In the treatment of Sweet's syndrome, it is important to search for and identify any underlying causes such as drugs, infections or malignancies and treat the associated conditions accordingly. Both the cutaneous and extracutaneous manifestations are highly responsive to systemic corticosteroid therapy. The starting dose of prednisolone is 0.5-1 mg/kg/day until resolution of the skin lesions. The dose of steroid should then be gradually tapered. The average duration of treatment ranges from four to six weeks.10 For treatment of localised lesions, superpotent topical steroid or intralesional corticosteroids may be helpful. Other treatment options reported to be useful include potassium iodide, colchicine, indomethacin, dapsone and cyclosporin.3

In conclusion, Sweet's syndrome is characterised by acute onset of tender erythematous papules and plaques associated with fever, leucocytosis and elevated serum inflammatory markers. Histologically, there is characteristic dense perivascular neutrophilic infiltrate and oedema. It is strongly associated with underlying malignancy, infections, autoimmune diseases and drug use. The diagnosis of Sweet's syndrome should prompt the search of underlying associated conditions. The condition responds well to the use of systemic steroid and has a good overall prognosis.

References

1. Sweet RD. An acute febrile neutrophilic dermatosis. Br J Dermatol 1964;76:349-56.

2. Whittle CH, Beck GA, Champion RH. Recurrent neutrophilic dermatosis of the face − a variant of Sweet's syndrome. Br J Dermatol 1968;80:806-10.

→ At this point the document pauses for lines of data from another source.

text \<open>Only the outcomes k and k + 1 of Binomial(k + 1, p) contribute.\<close>
lemma binomial_near_full:
  assumes "0 \<le> p" "p \<le> 1"
  shows "measure_pmf.prob (binomial_pmf (Suc k) p) {k..} = near_full_prob (Suc k) p"
proof -
  let ?B = "binomial_pmf (Suc k) p"
  have "set_pmf ?B \<subseteq> {..Suc k}"
    using assms by (auto simp: set_pmf_binomial_eq)
  hence "{k..} \<inter> set_pmf ?B = {k, Suc k} \<inter> set_pmf ?B"
    by auto
  hence "measure_pmf.prob ?B {k..} = measure_pmf.prob ?B {k, Suc k}"
    by (metis measure_Int_set_pmf)
  also have "\<dots> = pmf ?B k + pmf ?B (Suc k)"
    by (subst measure_measure_pmf_finite) auto
  also have "\<dots> = near_full_prob (Suc k) p"
    using assms by (simp add: near_full_prob_def)
  finally show ?thesis .
qed

lemma bernoulli_trials_near_full:
  assumes W: "finite W" "W \<noteq> {}" and p: "0 \<le> p" "p \<le> 1"
  shows "measure_pmf.prob (Pi_pmf ({c} \<times> W) False (\<lambda>_. bernoulli_pmf p))
            {f. card W - 1 \<le> card {v \<in> W. f (c, v)}}
       = near_full_prob (card W) p"
proof -
  obtain k where k: "card W = Suc k"
    using W by (cases "card W") auto
  have fin: "finite ({c} \<times> W)" and card_cW: "card ({c} \<times> W) = Suc k"
    using W k by (simp_all add: card_cartesian_product)
  have successes: "card {x \<in> {c} \<times> W. f x} = card {v \<in> W. f (c, v)}" for f
  proof -
    have "{x \<in> {c} \<times> W. f x} = (\<lambda>v. (c, v)) ` {v \<in> W. f (c, v)}" by auto
    thus ?thesis by (simp add: card_image inj_on_def)
  qed
  have "{f. card W - 1 \<le> card {v \<in> W. f (c, v)}} = (\<lambda>f. card {x \<in> {c} \<times> W. f x}) -` {k..}"
    using successes k by auto
  hence "measure_pmf.prob (Pi_pmf ({c} \<times> W) False (\<lambda>_. bernoulli_pmf p))
            {f. card W - 1 \<le> card {v \<in> W. f (c, v)}}
       = measure_pmf.prob (map_pmf (\<lambda>f. card {x \<in> {c} \<times> W. f x})
            (Pi_pmf ({c} \<times> W) False (\<lambda>_. bernoulli_pmf p))) {k..}"
    by simp
  also have "\<dots> = measure_pmf.prob (binomial_pmf (Suc k) p) {k..}"
    using binomial_pmf_altdef'[OF fin card_cW, of p False] p by simp
  finally show ?thesis
    using binomial_near_full[OF p] k by simp
qed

3. Moschella SL, Davis MD. Neutrophilic Dermatosis. In Bolognia JL, Jorizzo JL, & Schaffer JV eds. Dermatology, 3rd ed. Elsevier 2012:423-8.

4. Fazili T, Duncan D, Wani L. Sweet's syndrome. Am J Med 2010;123:694-9.

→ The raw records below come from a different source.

lemma strip_translate:
  "(\<lambda>x. x + of_int k *\<^sub>R e1) ` strip = {x::real \<times> 'm::euclidean_space. fst x \<in> {of_int k - 1/2 .. of_int k + 1/2}}"
proof (intro set_eqI iffI)
  fix x :: "real \<times> 'm"
  assume "x \<in> {x. fst x \<in> {of_int k - 1/2 .. of_int k + 1/2}}"
  then have "x - of_int k *\<^sub>R e1 \<in> strip" by (simp add: strip_def)
  then show "x \<in> (\<lambda>x. x + of_int k *\<^sub>R e1) ` strip" by (rule rev_image_eqI) simp
qed (auto simp: strip_def)

lemma AE_translated_strip_iff:
  "AE x in lebesgue. \<forall>k::int.
     x \<in> (\<lambda>p. p + of_int k *\<^sub>R e1) ` (strip :: (real \<times> 'm::euclidean_space) set) \<longleftrightarrow> k = \<lfloor>fst x + 1/2\<rfloor>"
proof -
  have "{x::real \<times> 'm. fst x = c} \<in> null_sets lebesgue" for c
  proof -
    have "negligible {x::real \<times> 'm. (1, 0) \<bullet> x = c}"
      by (rule negligible_hyperplane) (simp add: zero_prod_def)
    moreover have "{x::real \<times> 'm. (1, 0) \<bullet> x = c} = {x. fst x = c}"
      by (auto simp: inner_Pair_0)
    ultimately show ?thesis by (simp add: negligible_iff_null_sets)
  qed
  then have "AE x in lebesgue. \<forall>j::int. fst (x :: real \<times> 'm) \<noteq> of_int j + 1/2"
    by (intro AE_I'[where N = "\<Union>j::int. {x. fst x = of_int j + 1/2}"] null_sets_UN') auto
  then show ?thesis
  proof eventually_elim
    case (elim x)
    show ?case
    proof
      fix k :: int
      have "fst x \<noteq> of_int k + 1/2" using elim by blast
      then have "of_int k - 1/2 \<le> fst x \<and> fst x \<le> of_int k + 1/2 \<longleftrightarrow>
          of_int k \<le> fst x + 1/2 \<and> fst x + 1/2 < of_int k + 1"
        by linarith
      then show "x \<in> (\<lambda>p. p + of_int k *\<^sub>R e1) ` strip \<longleftrightarrow> k = \<lfloor>fst x + 1/2\<rfloor>"
        unfolding strip_translate by (simp add: eq_commute[of k] floor_eq_iff)
    qed
  qed
qed

lemma indicator_compl_strip_AE:
  "AE x in lebesgue. indicator (- strip) x =
     (\<Sum>\<^sub>\<infinity>k\<in>UNIV - {0}. indicator ((\<lambda>p. p + of_int k *\<^sub>R e1) ` strip) (x :: real \<times> 'm::euclidean_space) :: ennreal)"
  using AE_translated_strip_iff
proof eventually_elim
  case (elim x)
  define k0 where "k0 = \<lfloor>fst x + 1/2\<rfloor>"
  have "x \<in> strip \<longleftrightarrow> k0 = 0"
    using elim[rule_format, of 0] by (simp add: k0_def)
  moreover have "(\<Sum>\<^sub>\<infinity>k\<in>UNIV - {0}. indicator ((\<lambda>p. p + of_int k *\<^sub>R e1) ` strip) x :: ennreal)
      = (\<Sum>\<^sub>\<infinity>k\<in>(UNIV - {0}) \<inter> {k0}. 1)"
    by (rule infsum_cong_neutral) (auto simp: indicator_def elim k0_def)
  moreover have "(UNIV - {0}) \<inter> {k0} = (if k0 = 0 then {} else {k0})"
    by auto
  ultimately show ?case
    by (simp add: indicator_def)
qed

lemma abs_fst_translate_ge:
  assumes "x \<in> strip" "y \<in> strip"
  shows "\<bar>of_int k\<bar> - 1 \<le> \<bar>fst (x - y + of_int k *\<^sub>R e1)\<bar>"
proof -
  have "\<bar>fst x\<bar> \<le> 1/2" "\<bar>fst y\<bar> \<le> 1/2"
    using assms by (auto simp: strip_def)
  then show ?thesis by simp
qed

lemma P_S_eq_infsum_interaction:
  assumes [measurable]: "F \<in> sets lebesgue" and "F \<subseteq> strip"
  shows "P_S s F = (\<Sum>\<^sub>\<infinity>k\<in>UNIV. interaction s F (strip - F) (of_int k *\<^sub>R e1))"
proof -
  have "P_S s F = (\<integral>\<^sup>+y. \<integral>\<^sup>+x. (\<Sum>\<^sub>\<infinity>k\<in>UNIV.
      indicator F y * indicator (strip - F) x * rkern s (x - y + of_int k *\<^sub>R e1)) \<partial>lebesgue \<partial>lebesgue)"
    using assms(2) by (simp add: P_S_def perK_def infsum_cmult_ennreal Int_absorb2)
  also have "\<dots> = (\<integral>\<^sup>+y. (\<Sum>\<^sub>\<infinity>k\<in>UNIV. \<integral>\<^sup>+x.
      indicator F y * indicator (strip - F) x * rkern s (x - y + of_int k *\<^sub>R e1) \<partial>lebesgue) \<partial>lebesgue)"
    by (intro nn_integral_cong nn_integral_infsum) measurable
  also have "\<dots> = (\<Sum>\<^sub>\<infinity>k\<in>UNIV. interaction s F (strip - F) (of_int k *\<^sub>R e1))"
    unfolding interaction_def by (rule nn_integral_infsum) measurable
  finally show ?thesis .
qed

lemma frac_per_eq_P_S_add_translates:
  fixes F :: "(real \<times> 'm::euclidean_space) set"
  assumes [measurable]: "F \<in> sets lebesgue" and F: "F \<subseteq> strip"
  shows "frac_per s F = P_S s F + (\<Sum>\<^sub>\<infinity>k\<in>UNIV - {0}. interaction s F F (of_int k *\<^sub>R e1))"
proof -
  let ?w = "\<lambda>k::int. of_int k *\<^sub>R (e1 :: real \<times> 'm)"
  have compl_strip: "- strip \<in> sets (lebesgue :: (real \<times> 'm) measure)"
    using sets.compl_sets[of strip lebesgue] by (simp add: Compl_eq_Diff_UNIV)
  have far: "interaction s F (- strip) 0 = (\<Sum>\<^sub>\<infinity>k\<in>UNIV - {0}. interaction s F strip (?w k))"
  proof -
    have "interaction s F (- strip) 0 = (\<Sum>\<^sub>\<infinity>k\<in>UNIV - {0}. interaction s F ((\<lambda>p. p + ?w k) ` strip) 0)"
      by (intro interaction_infsum_AE[OF _ _ _ indicator_compl_strip_AE] sets_lebesgue_translate compl_strip) simp_all
    then show ?thesis
      by (simp add: interaction_translate[of F strip])
  qed
  have "frac_per s F = interaction s F (strip - F) 0 + interaction s F (- strip) 0"
  proof -
    have "- F = (strip - F) \<union> - strip" using F by auto
    then show ?thesis
      unfolding frac_per_eq_interaction by (simp only:) (rule interaction_Un; use compl_strip in auto)
  qed
  also have "\<dots> = interaction s F (strip - F) 0 + (\<Sum>\<^sub>\<infinity>k\<in>UNIV - {0}.
      interaction s F (strip - F) (?w k) + interaction s F F (?w k))"
  proof -
    have "strip = (strip - F) \<union> F" using F by auto
    then have "interaction s F strip w = interaction s F (strip - F) w + interaction s F F w" for w
      by (metis interaction_Un Diff_disjoint Int_commute assms(1) sets.Diff sets_lebesgue_strip)
    then show ?thesis by (simp add: far)
  qed
  also have "\<dots> = P_S s F + (\<Sum>\<^sub>\<infinity>k\<in>UNIV - {0}. interaction s F F (?w k))"
  proof -
    have "(\<Sum>\<^sub>\<infinity>k\<in>UNIV. g k) = g 0 + (\<Sum>\<^sub>\<infinity>k\<in>UNIV - {0}. g k)" for g :: "int \<Rightarrow> ennreal"
      using infsum_insert[of g "UNIV - {0}" 0] by (simp add: nonneg_summable_on_complete insert_absorb)
    then show ?thesis
      by (simp add: P_S_eq_infsum_interaction[OF _ F] infsum_add nonneg_summable_on_complete add.assoc)
  qed
  finally show ?thesis .
qed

5. Buck T, Gonalez LM, Lambert WC, Schwartz RA. Sweet's syndrome and haematological disorders, a review and reappraisal. Int J Dermatol 2008;47:775-82.

6. Requena L, Kutzner H, Palmedo G, Pascual M, Fernandez-Herrera J, Fraga J, et al. Histiocytoid Sweet's syndrome: a dermal infiltration of immature neutrophilic granulocytes. Arch Dermatol 2005;141:834-42.

7. Abbas O, Kibbi AG, Rubeiz N. Sweet's syndrome: a retrospective study of clinical and histologic features of 44 cases from a tertiary center. Int J Dermatol 2010;49:1244-9.

8. Tabanlioglu D, Boztepe G, Erkin G, Gokoz O, Karaduman A. Sweet's syndrome and erythema nodosum: a companionship or a spectrum? − a case report and review of the literature. Int J Dermatol 2010;49:62-6.

9. Uhara H, Saida T, Nakazawa H, Ito T. Neutrophilic dermatosis with acute myeloid leukemia associated with an increase of serum colony stimulating factor. J Am Acad Dermatol 2008;59:S10-2.

10. Dabade TS, Davis MD. Diagnosis and treatment of the neutrophilic dermatoses (pyoderma gangrenosum, Sweet's syndrome). Dermatol Ther 2011;24:273-84.